TORONTO: The Canadian dollar edged lower against its broadly stronger US counterpart on Friday and bond yields climbed to multi-year highs, as investors weighed Canada’s federal budget and domestic data that showed the jobless rate falling to a record low.
The loonie was trading 0.1% lower at 1.2605 to the greenback, or 79.33 US cents, after trading in a range of 1.2576 to 1.2611.
For the week, the currency was on track to decline 0.7%, losing ground after it notched on Tuesday its strongest intraday level in nearly five months at 1.24.
The decline for the loonie came as the US dollar index strengthened to 100 for the first time in nearly two years, supported by the prospect of a more aggressive pace of Federal Reserve interest rate hikes.
Meanwhile, the price of oil was stable on Friday at about $96 a barrel but remained on course for a second weekly fall after countries announced plans to release crude from their strategic stocks. Oil is one of Canada’s major exports.
Canada’s unemployment rate fell to 5.3% in March, highlighting the tightening of the country’s labor market, with the economy adding a net 72,500 jobs.

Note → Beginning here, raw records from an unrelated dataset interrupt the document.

lemma has_field_derivative_RHP:
  "f holomorphic_on RHP \<Longrightarrow> z \<in> RHP \<Longrightarrow> (f has_field_derivative deriv f z) (at z within T)"
  using holomorphic_derivI open_RHP by blast

lemma holomorphic_on_RHP_deriv: "f holomorphic_on RHP \<Longrightarrow> deriv f holomorphic_on RHP"
  using holomorphic_deriv open_RHP by blast

lemma holomorphic_on_RHP_shift:
  assumes "f holomorphic_on RHP" "0 \<le> a"
  shows "(\<lambda>z. f (z + of_real a)) holomorphic_on RHP"
proof -
  have "f holomorphic_on (\<lambda>z. z + of_real a) ` RHP"
    using assms by (auto intro: holomorphic_on_subset)
  then have "(f \<circ> (\<lambda>z. z + of_real a)) holomorphic_on RHP"
    by (intro holomorphic_on_compose holomorphic_intros)
  then show ?thesis by (simp add: o_def)
qed

lemma deriv_RHP_shift:
  assumes "f holomorphic_on RHP" "0 \<le> a" "z \<in> RHP"
  shows "deriv (\<lambda>w. f (w + of_real a)) z = deriv f (z + of_real a)"
  using deriv_compose_linear'[of f 1 z "of_real a"] field_differentiable_RHP[OF assms(1)] assms(2,3)
  by simp

lemma deriv_eq_on_RHP:
  assumes "\<And>z. z \<in> RHP \<Longrightarrow> f z = g z" "z \<in> RHP"
  shows "deriv f z = deriv g z"
proof (rule deriv_cong_ev)
  show "\<forall>\<^sub>F w in nhds z. f w = g w"
    using eventually_nhds_in_open[OF open_RHP assms(2)] by (rule eventually_mono) (use assms(1) in auto)
qed simp
(* Assume the zero-derivation setting $\delta=0$ and write $\mathbb{F}_{q^m}[x;\theta]$ for the skew polynomial ring. Let $s\ge1$, $\boldsymbol\xi=(\xi_1,\dots,\xi_\ell)$ representatives of pairwise distinct nontrivial conjugacy classes, $\mathbf n$ a length partition of $n$, $\boldsymbol\beta_1,\dots,\boldsymbol\beta_s\in\mathbb{F}_{q^m}^n$ with each block having $\mathbb{F}_q$-linearly independent entries, and $\mathbf c$ a codeword of the corresponding HILRS code of interleaving order $s$ and dimension $sk$ with message-polynomial vector $(f_1,\dots,f_s)$. Let $\mathbf y=\mathbf c+\mathbf e$ with $\mathrm{wt}_{\Sigma R}(\mathbf e)=t\le\frac{s}{s+1}(n-k)$, let $\sigma$ be the error-span polynomial of $\mathbf e$, and let $G_j,R_j$ ($j=1,\dots,s$) be the minimal and interpolation polynomials defined in the context. Let $\chi_1,\dots,\chi_s\in\mathbb{F}_{q^m}[x;\theta]$ be the skew polynomials with $\sigma f_j=\chi_jG_j+\sigma R_j$ for all $j$. Put $$\mathbf W=\begin{pmatrix}-\mathbf I_s\\ \mathbf R\\ \mathbf G\end{pmatrix}\in\mathbb{F}_{q^m}[x;\theta]^{(2s+1)\times s},\quad \mathbf R=(R_1,\dots,R_s),\ \mathbf G=\mathrm{diag}(G_1,\dots,G_s),$$ $\boldsymbol\rho=(\sigma f_1,\dots,\sigma f_s,\sigma)$, $\boldsymbol\chi=(\chi_1,\dots,\chi_s)$, $\mathbf w=(0,\dots,0,k-1)\in\mathbb Z^{s+1}$, $\mathbf v=(0,\dots,0,k-1,0,\dots,0)\in\mathbb Z^{2s+1}$ (the entry $k-1$ in position $s+1$), $D=\frac{s}{s+1}(n-k)$ and $d=D+n$. Then $$(\boldsymbol\rho\mid\boldsymbol\chi)\mathbf W=\mathbf 0\ \text{ and }\ \mathrm{rdeg}_{\mathbf w}(\boldsymbol\rho)<D$$ if and only if $$(\boldsymbol\rho\mid\boldsymbol\chi)\mathbf W\equiv\mathbf 0\bmod_r x^d\ \text{ and }\ \mathrm{rdeg}_{\mathbf v}(\boldsymbol\rho\mid\boldsymbol\chi)<D.$$
   Context: $q$ a prime power, $m\ge1$, $\theta$ an automorphism of $\mathbb{F}_{q^m}$ with fixed field $\mathbb{F}_q$. $\mathbb{F}_{q^m}[x;\theta]$: skew polynomials $\sum_if_ix^{i-1}$ with multiplication rule $xa=\theta(a)x$. Elements $a,b$ are conjugate if $b=\theta(c)ac^{-1}$ for some $c\ne0$; the class of $0$ is trivial. Generalized operator evaluation: $\mathcal D_a(b)=\theta(b)a$, $\mathcal D_a^0(b)=b$, $\mathcal D_a^i=\mathcal D_a\circ\mathcal D_a^{i-1}$, $f(b)_a=\sum_if_i\mathcal D_a^{i-1}(b)$; a length partition $\mathbf n=(n_1,\dots,n_\ell)$ of $n$ splits vectors into blocks $\mathbf x^{(i)}\in\mathbb{F}_{q^m}^{n_i}$, and $f(\mathbf x)_{\mathbf a}=(f(\mathbf x^{(1)})_{a_1}\mid\dots\mid f(\mathbf x^{(\ell)})_{a_\ell})$ entrywise. HILRS code: all $(\mathbf c_1\mid\dots\mid\mathbf c_s)\in\mathbb{F}_{q^m}^{sn}$ with $\mathbf c_j=f_j(\boldsymbol\beta_j)_{\boldsymbol\xi}$ for some $f_j$ of degree $<k$; $(f_1,\dots,f_s)$ is the message-polynomial vector. Sum-rank weight of $\mathbf x=(\mathbf x_1\mid\dots\mid\mathbf x_s)$: $\sum_i\mathrm{rk}_q(\mathbf x_1^{(i)}\mid\dots\mid\mathbf x_s^{(i)})$ ($\mathrm{rk}_q$ = max number of $\mathbb{F}_q$-linearly independent entries). Error values: with $t_i=\mathrm{rk}_q(\mathbf e_1^{(i)}\mid\dots\mid\mathbf e_s^{(i)})$, choose $\mathbf a^{(i)}\in\mathbb{F}_{q^m}^{t_i}$ with $\mathbb{F}_q$-linearly independent entries and $\mathbf B_j^{(i)}\in\mathbb{F}_q^{t_i\times n_i}$ with $\mathbf e_j^{(i)}=\mathbf a^{(i)}\mathbf B_j^{(i)}$ and $\mathrm{rk}(\mathbf B_1^{(i)}\mid\dots\mid\mathbf B_s^{(i)})=t_i$; the error-span polynomial $\sigma$ is the monic nonzero skew polynomial of least degree with $\sigma(\mathbf a^{(i)})_{\xi_i}=\mathbf 0$ for all $i$. $G_j$ is the monic nonzero skew polynomial of least degree with $G_j(\boldsymbol\beta_j)_{\boldsymbol\xi}=\mathbf 0$; $R_j$ is the unique skew polynomial of degree $<n$ with $R_j(\boldsymbol\beta_j)_{\boldsymbol\xi}=\mathbf y_j$. For a shift $\mathbf v\in\mathbb Z^a$ and $\mathbf b\in\mathbb{F}_{q^m}[x;\theta]^a$, the $\mathbf v$-shifted row degree is $\mathrm{rdeg}_{\mathbf v}(\mathbf b)=\max_j(\deg b_j+v_j)$ (with $\deg 0=-\infty$). For a vector, $\equiv\mathbf 0\bmod_r x^d$ means every entry has remainder $0$ upon right division by $x^d$. *)

theory Defs
  imports "HOL-Computational_Algebra.Polynomial" "HOL-Library.Extended_Real"
begin

(* Field automorphism theta of F_{q^m}; F_q is its fixed field {a. theta a = a}. *)
definition field_aut :: "('a::field \<Rightarrow> 'a) \<Rightarrow> bool" where
  "field_aut \<theta> \<longleftrightarrow> bij \<theta> \<and> (\<forall>a b. \<theta> (a + b) = \<theta> a + \<theta> b) \<and> (\<forall>a b. \<theta> (a * b) = \<theta> a * \<theta> b)"
(* Let $\Bbbk$ be a field of characteristic $2$, $G=\langle\sigma\rangle$ cyclic of order $4$ acting on $V=V_3$ with $\sigma x_1=x_1+x_2$, $\sigma x_2=x_2+x_3$, $\sigma x_3=x_3$ on the dual basis, and $A=\Bbbk[N^G(x_1),\ x_2(x_2+x_3),\ x_3]$ with $N^G(x_1)=\prod_{i=0}^3\sigma^i(x_1)$. Then $K_4=\ker(\Delta^4)=\Bbbk[V]$ is a free $A$-module with basis $\{1,\ x_1,\ x_2,\ x_1^2,\ x_1x_2,\ x_1^3,\ x_1^2x_2,\ x_1^3x_2\}$.
   Context: $\Delta=\sigma-\iota\in\Bbbk G$ acting on $\Bbbk[V]=\Bbbk[x_1,x_2,x_3]$; note $\Delta^4=\sigma^4-\iota=0$ in characteristic $2$. *)

theory Defs
  imports "HOL-Computational_Algebra.Polynomial"
begin

text \<open>The polynomial ring k[x1,x2,x3] is modelled as 'k poly poly poly:
  the innermost variable is x1, the middle one x2, the outermost one x3.\<close>

type_synonym 'k mpoly3 = "'k poly poly poly"

definition cst3 :: "'k::comm_ring_1 \<Rightarrow> 'k mpoly3" where
  "cst3 c = [:[:[:c:]:]:]"

definition X1 :: "'k::comm_ring_1 mpoly3" where "X1 = [:[:[:0, 1:]:]:]"
definition X2 :: "'k::comm_ring_1 mpoly3" where "X2 = [:[:0, 1:]:]"
definition X3 :: "'k::comm_ring_1 mpoly3" where "X3 = [:0, 1:]"

definition subst3 :: "'k::comm_ring_1 mpoly3 \<Rightarrow> 'k mpoly3 \<Rightarrow> 'k mpoly3 \<Rightarrow> 'k mpoly3 \<Rightarrow> 'k mpoly3" where
  "subst3 p a b c =
     poly (map_poly (\<lambda>q. poly (map_poly (\<lambda>r. poly (map_poly cst3 r) a) q) b) p) c"

definition sigma :: "'k::comm_ring_1 mpoly3 \<Rightarrow> 'k mpoly3" where
  "sigma p = subst3 p (X1 + X2) (X2 + X3) X3"

definition Delta :: "'k::comm_ring_1 mpoly3 \<Rightarrow> 'k mpoly3" where
  "Delta p = sigma p - p"

definition K :: "nat \<Rightarrow> 'k::comm_ring_1 mpoly3 set" where
  "K n = {p. (Delta ^^ n) p = 0}"

definition norm_x1 :: "'k::comm_ring_1 mpoly3" where
  "norm_x1 = (\<Prod>i<4. (sigma ^^ i) X1)"

inductive_set gen_alg :: "'k::comm_ring_1 mpoly3 \<Rightarrow> 'k mpoly3 \<Rightarrow> 'k mpoly3 \<Rightarrow> 'k mpoly3 set"
  for f g h where
  cst: "cst3 c \<in> gen_alg f g h"
| gen1: "f \<in> gen_alg f g h"
| gen2: "g \<in> gen_alg f g h"
| gen3: "h \<in> gen_alg f g h"
| add: "p \<in> gen_alg f g h \<Longrightarrow> q \<in> gen_alg f g h \<Longrightarrow> p + q \<in> gen_alg f g h"
| mult: "p \<in> gen_alg f g h \<Longrightarrow> q \<in> gen_alg f g h \<Longrightarrow> p * q \<in> gen_alg f g h"

definition algA :: "'k::comm_ring_1 mpoly3 set" where
  "algA = gen_alg norm_x1 (X2 * (X2 + X3)) X3"

definition basis8 :: "'k::comm_ring_1 mpoly3 list" where
  "basis8 = [1, X1, X2, X1^2, X1 * X2, X1^3, X1^2 * X2, X1^3 * X2]"

end

theory Submission
  imports Defs
begin

text \<open>In characteristic 2 we have \<open>\<Delta>\<^sup>2 = \<sigma>\<^sup>2 + 1\<close>, so \<open>\<Delta>\<^sup>4 = \<sigma>\<^sup>4 + 1 = 0\<close> and \<open>K\<^sub>4\<close> is all of
  \<open>k[V]\<close>. For the basis, exchange \<open>x\<^sub>1\<close> and \<open>x\<^sub>3\<close>: then \<open>A\<close> becomes \<open>k[N, h, x\<^sub>1]\<close> where
  \<open>N = x\<^sub>3(x\<^sub>3 + x\<^sub>2)(x\<^sub>3 + x\<^sub>1)(x\<^sub>3 + x\<^sub>1 + x\<^sub>2)\<close> is monic of degree 4 in \<open>x\<^sub>3\<close> over \<open>k[x\<^sub>1, x\<^sub>2]\<close>
  and \<open>h = x\<^sub>2(x\<^sub>2 + x\<^sub>1)\<close> is monic of degree 2 in \<open>x\<^sub>2\<close> over \<open>k[x\<^sub>1]\<close>. If \<open>f \<in> R[t]\<close> is monic of
  degree \<open>d\<close>, then \<open>R[t]\<close> is a free \<open>R[f]\<close>-module with basis \<open>1, t, \<dots>, t\<^bsup>d - 1\<^esup>\<close>. Applying this
  to \<open>N\<close> and then, coefficientwise, to \<open>h\<close> shows that the monomials \<open>x\<^sub>3\<^sup>a x\<^sub>2\<^sup>b\<close> with
  \<open>a < 4\<close>, \<open>b < 2\<close> form an \<open>A\<close>-basis; exchanging \<open>x\<^sub>1\<close> and \<open>x\<^sub>3\<close> back gives the eight monomials
  \<open>x\<^sub>1\<^sup>a x\<^sub>2\<^sup>b\<close>.\<close>

definition is_ring_hom :: "('a::comm_ring_1 \<Rightarrow> 'b::comm_ring_1) \<Rightarrow> bool" where
  "is_ring_hom g \<longleftrightarrow>
     (\<forall>x y. g (x + y) = g x + g y) \<and> (\<forall>x y. g (x * y) = g x * g y) \<and> g 0 = 0 \<and> g 1 = 1"

lemma is_ring_homD:
  assumes "is_ring_hom g"
  shows "g (x + y) = g x + g y" "g (x * y) = g x * g y" "g 0 = 0" "g 1 = 1"
  using assms unfolding is_ring_hom_def by auto

lemma is_ring_hom_power:
  assumes "is_ring_hom g"
  shows "g (x ^ n) = g x ^ n"
  by (induction n) (simp_all add: is_ring_homD[OF assms])

lemma is_ring_hom_sum:
  assumes "is_ring_hom g"
  shows "g (sum f A) = (\<Sum>i\<in>A. g (f i))"
  by (induction A rule: infinite_finite_induct) (simp_all add: is_ring_homD[OF assms])

lemma is_ring_hom_comp: "is_ring_hom f \<Longrightarrow> is_ring_hom g \<Longrightarrow> is_ring_hom (f \<circ> g)"
  unfolding is_ring_hom_def by simp

lemma map_poly_add_hom:
  assumes "is_ring_hom g"
  shows "map_poly g (p + q) = map_poly g p + map_poly g q"
  by (rule poly_eqI) (simp add: coeff_map_poly is_ring_homD[OF assms])
(* Let $G$ be a graph, $B\subseteq V(G)$ and $\ell\ge 1$. Then $B$ is an $\ell$-edge-leaky forcing set of $G$ if and only if $B$ is an $(\ell-1)$-leaky forcing set of $G$ such that for every set $L\subseteq V(G)$ of $\ell-1$ vertex leaks and every $v\in V(G)\setminus B$ there exist forces $x\to v$ and $y\to v$ in $\mathcal{F}_L(B)$ with $x\neq y$.
   Context: All graphs are finite, simple and undirected. Zero forcing: a blue vertex $u$ with exactly one white neighbor $w$ may force $w$ (color it blue), written $u\to w$. From an initial blue set $B$, a forcing sequence is a chronologically ordered list of forces each valid when performed. A vertex leak is a vertex not allowed to perform any force. $B$ is an $\ell$-leaky forcing set if for every set $L\subseteq V(G)$ of at most $\ell$ vertex leaks, exhaustively applying the forcing rule from $B$ with no vertex of $L$ forcing colors all of $V(G)$ blue (a $0$-leaky forcing set is a zero forcing set). For $L\subseteq V(G)$, $\mathcal{F}_L(B)$ is the set of all forces $x\to v$ that occur in some forcing sequence from $B$ in which no vertex of $L$ performs a force. An edge leak is an edge $xy\in E(G)$ across which no force may be performed (neither $x\to y$ nor $y\to x$). $B$ is an $\ell$-edge-leaky forcing set if for every set of at most $\ell$ edge leaks, exhaustively applying the forcing rule from $B$ without forcing across leak edges colors all of $V(G)$ blue. *)

theory Defs
  imports Main
begin

definition simple_graph :: "'a set \<Rightarrow> ('a \<Rightarrow> 'a \<Rightarrow> bool) \<Rightarrow> bool" where
  "simple_graph V E \<longleftrightarrow> finite V \<and> (\<forall>x y. E x y \<longrightarrow> E y x) \<and> (\<forall>x. \<not> E x x)
     \<and> (\<forall>x y. E x y \<longrightarrow> x \<in> V \<and> y \<in> V)"

definition graph_edges :: "'a set \<Rightarrow> ('a \<Rightarrow> 'a \<Rightarrow> bool) \<Rightarrow> 'a set set" where
  "graph_edges V E = {{x, y} | x y. x \<in> V \<and> y \<in> V \<and> E x y}"

text \<open>A force u -> w is valid for current blue set S, where Ok u w says whether the
  force is permitted (encodes vertex leaks / edge leaks): u is blue, w is the unique
  white neighbour of u.\<close>
definition valid_force ::
  "'a set \<Rightarrow> ('a \<Rightarrow> 'a \<Rightarrow> bool) \<Rightarrow> ('a \<Rightarrow> 'a \<Rightarrow> bool) \<Rightarrow> 'a set \<Rightarrow> 'a \<Rightarrow> 'a \<Rightarrow> bool" where
  "valid_force V E Ok S u w \<longleftrightarrow> u \<in> S \<and> w \<in> V \<and> w \<notin> S \<and> E u w \<and> Ok u w
     \<and> (\<forall>x\<in>V. E u x \<and> x \<notin> S \<longrightarrow> x = w)"

fun forcing_seq ::
  "'a set \<Rightarrow> ('a \<Rightarrow> 'a \<Rightarrow> bool) \<Rightarrow> ('a \<Rightarrow> 'a \<Rightarrow> bool) \<Rightarrow> 'a set \<Rightarrow> ('a \<times> 'a) list \<Rightarrow> bool" where
  "forcing_seq V E Ok S [] = True"
| "forcing_seq V E Ok S ((u, w) # fs) \<longleftrightarrow> valid_force V E Ok S u w \<and> forcing_seq V E Ok (insert w S) fs"

definition final_blue :: "'a set \<Rightarrow> ('a \<times> 'a) list \<Rightarrow> 'a set" where
  "final_blue B fs = B \<union> snd ` set fs"

definition forces_all ::
  "'a set \<Rightarrow> ('a \<Rightarrow> 'a \<Rightarrow> bool) \<Rightarrow> ('a \<Rightarrow> 'a \<Rightarrow> bool) \<Rightarrow> 'a set \<Rightarrow> bool" where
  "forces_all V E Ok B \<longleftrightarrow>
     (\<forall>fs. forcing_seq V E Ok B fs \<and> (\<nexists>u w. valid_force V E Ok (final_blue B fs) u w)
        \<longrightarrow> final_blue B fs = V)"

definition leaky_forcing_set :: "'a set \<Rightarrow> ('a \<Rightarrow> 'a \<Rightarrow> bool) \<Rightarrow> nat \<Rightarrow> 'a set \<Rightarrow> bool" where
  "leaky_forcing_set V E l B \<longleftrightarrow>
     (\<forall>L. L \<subseteq> V \<and> card L \<le> l \<longrightarrow> forces_all V E (\<lambda>u w. u \<notin> L) B)"

definition edge_leaky_forcing_set :: "'a set \<Rightarrow> ('a \<Rightarrow> 'a \<Rightarrow> bool) \<Rightarrow> nat \<Rightarrow> 'a set \<Rightarrow> bool" where
  "edge_leaky_forcing_set V E l B \<longleftrightarrow>
     (\<forall>F. F \<subseteq> graph_edges V E \<and> card F \<le> l \<longrightarrow> forces_all V E (\<lambda>u w. {u, w} \<notin> F) B)"

text \<open>F_L(B): all forces occurring in some forcing sequence from B where no vertex of L forces.\<close>
definition forces_set :: "'a set \<Rightarrow> ('a \<Rightarrow> 'a \<Rightarrow> bool) \<Rightarrow> 'a set \<Rightarrow> 'a set \<Rightarrow> ('a \<times> 'a) set" where
  "forces_set V E L B = {(x, v). \<exists>fs. forcing_seq V E (\<lambda>u w. u \<notin> L) B fs \<and> (x, v) \<in> set fs}"

end

theory Submission
  imports Defs
begin

text \<open>
  A forcing process stalls exactly when every vertex that could still force (a blue vertex
  with exactly one white neighbour) is prevented from doing so.  Under edge leaks each such
  ready vertex needs its own leaking edge, so at most \<open>\<ell>\<close> vertices are ready.  If fewer
  than \<open>\<ell>\<close> are ready, declaring them vertex leaks stalls the process as well.  If exactly
  \<open>\<ell>\<close> are ready, turning all but one of them, \<open>u\<close>, into vertex leaks leaves \<open>u \<rightarrow> w\<close> as the
  only force ever available to reach the white neighbour \<open>w\<close> of \<open>u\<close>, so \<open>w\<close> has a single forcer.
  Conversely, a process stalled by vertex leaks \<open>L\<close>, possibly together with the ban of the
  unique force into a vertex \<open>v\<close>, is stalled just as well by the edges of the blocked
  forces, of which there are at most \<open>|L| + 1\<close>.
\<close>

definition stalled :: "'a set \<Rightarrow> ('a \<Rightarrow> 'a \<Rightarrow> bool) \<Rightarrow> ('a \<Rightarrow> 'a \<Rightarrow> bool) \<Rightarrow> 'a set \<Rightarrow> bool" where
  "stalled V E Ok S \<longleftrightarrow> (\<nexists>u w. valid_force V E Ok S u w)"

definition can_force :: "'a set \<Rightarrow> ('a \<Rightarrow> 'a \<Rightarrow> bool) \<Rightarrow> 'a set \<Rightarrow> 'a \<Rightarrow> 'a \<Rightarrow> bool" where
  "can_force V E S u w \<longleftrightarrow> valid_force V E (\<lambda>_ _. True) S u w"

lemma not_forces_all_iff:
  "\<not> forces_all V E Ok B \<longleftrightarrow>
     (\<exists>fs. forcing_seq V E Ok B fs \<and> stalled V E Ok (final_blue B fs) \<and> final_blue B fs \<noteq> V)"
  by (auto simp: forces_all_def stalled_def)

lemma mem_forces_set_iff:
  "(x, v) \<in> forces_set V E L B \<longleftrightarrow> (\<exists>fs. forcing_seq V E (\<lambda>u w. u \<notin> L) B fs \<and> (x, v) \<in> set fs)"
  by (simp add: forces_set_def)

lemma valid_force_iff_can_force: "valid_force V E Ok S u w \<longleftrightarrow> can_force V E S u w \<and> Ok u w"
  by (auto simp: valid_force_def can_force_def)

lemma can_force_unique: "can_force V E S u w \<Longrightarrow> can_force V E S u w' \<Longrightarrow> w = w'"
  by (auto simp: valid_force_def can_force_def)

lemma valid_force_mono:
  "valid_force V E Ok T u w \<Longrightarrow> T \<subseteq> S \<Longrightarrow> w \<notin> S \<Longrightarrow> valid_force V E Ok S u w"
  by (auto simp: valid_force_def)

lemma inj_on_edge_can_force: "inj_on (\<lambda>(u, w). {u, w}) {(u, w). can_force V E S u w}"
proof (rule inj_onI, clarify)
  fix u w u' w'
  assume "can_force V E S u w" "can_force V E S u' w'" and eq: "{u, w} = {u', w'}"
  then have "u \<in> S" "w \<notin> S" "u' \<in> S" "w' \<notin> S" by (simp_all add: valid_force_def can_force_def)
  with eq show "u = u' \<and> w = w'" by (auto simp: doubleton_eq_iff)
qed

lemma inj_on_fst_can_force: "inj_on fst {(u, w). can_force V E S u w}"
  by (rule inj_onI) (auto dest: can_force_unique)

lemma can_force_edge:
  assumes "simple_graph V E" "can_force V E S u w"
  shows "{u, w} \<in> graph_edges V E"
proof -
  have "E u w" using assms(2) by (simp add: valid_force_def can_force_def)
  with assms(1) have "u \<in> V" "w \<in> V" by (auto simp: simple_graph_def)
  with \<open>E u w\<close> show ?thesis by (auto simp: graph_edges_def)
qed

lemma final_blue_Nil [simp]: "final_blue S [] = S"
  by (simp add: final_blue_def)

lemma final_blue_Cons [simp]: "final_blue S ((u, w) # fs) = final_blue (insert w S) fs"
  by (auto simp: final_blue_def)

lemma subset_final_blue: "S \<subseteq> final_blue S fs"
  by (auto simp: final_blue_def)

lemma forcing_seq_append:
  "forcing_seq V E Ok S (fs @ gs) \<longleftrightarrow>
     forcing_seq V E Ok S fs \<and> forcing_seq V E Ok (final_blue S fs) gs"
proof (induction fs arbitrary: S)
  case (Cons p fs)
  then show ?case by (cases p) auto
qed simp

lemma forcing_seq_mono:
  "forcing_seq V E Ok S fs \<Longrightarrow> (\<And>u w. (u, w) \<in> set fs \<Longrightarrow> Ok' u w) \<Longrightarrow> forcing_seq V E Ok' S fs"
proof (induction fs arbitrary: S)
  case (Cons p fs)
  then show ?case by (cases p) (auto simp: valid_force_def)
qed simp

lemma forcing_seq_forceD:
  assumes "forcing_seq V E Ok S fs" "(x, v) \<in> set fs"
  shows "E x v \<and> Ok x v \<and> v \<notin> S \<and> x \<in> final_blue S fs \<and> v \<in> final_blue S fs"
  using assms
proof (induction fs arbitrary: S)
  case (Cons p fs)
  obtain a b where p: "p = (a, b)" by fastforce
  from Cons.prems show ?case
    using Cons.IH[of "insert b S"] subset_final_blue[of "insert b S" fs]
    by (auto simp: p valid_force_def)
qed simp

With the labour market tight and the inflation outlook worsening, investors expect a rare half-percentage-point rate hike next week from the Bank of Canada.
Canada projected a budget deficit for the current fiscal year that is nearly 10% lower than forecast in a December fiscal update, mostly due to higher revenues.
As deficits narrow, Canada is cutting the amount of debt it issues, including a reduction in long-term bonds.
Still, Canadian government bond yields moved higher across a flatter curve on Friday. The 10-year touched its highest since January 2014 at 2.647% before dipping slightly to 2.637%, up 6.2 basis points on the day.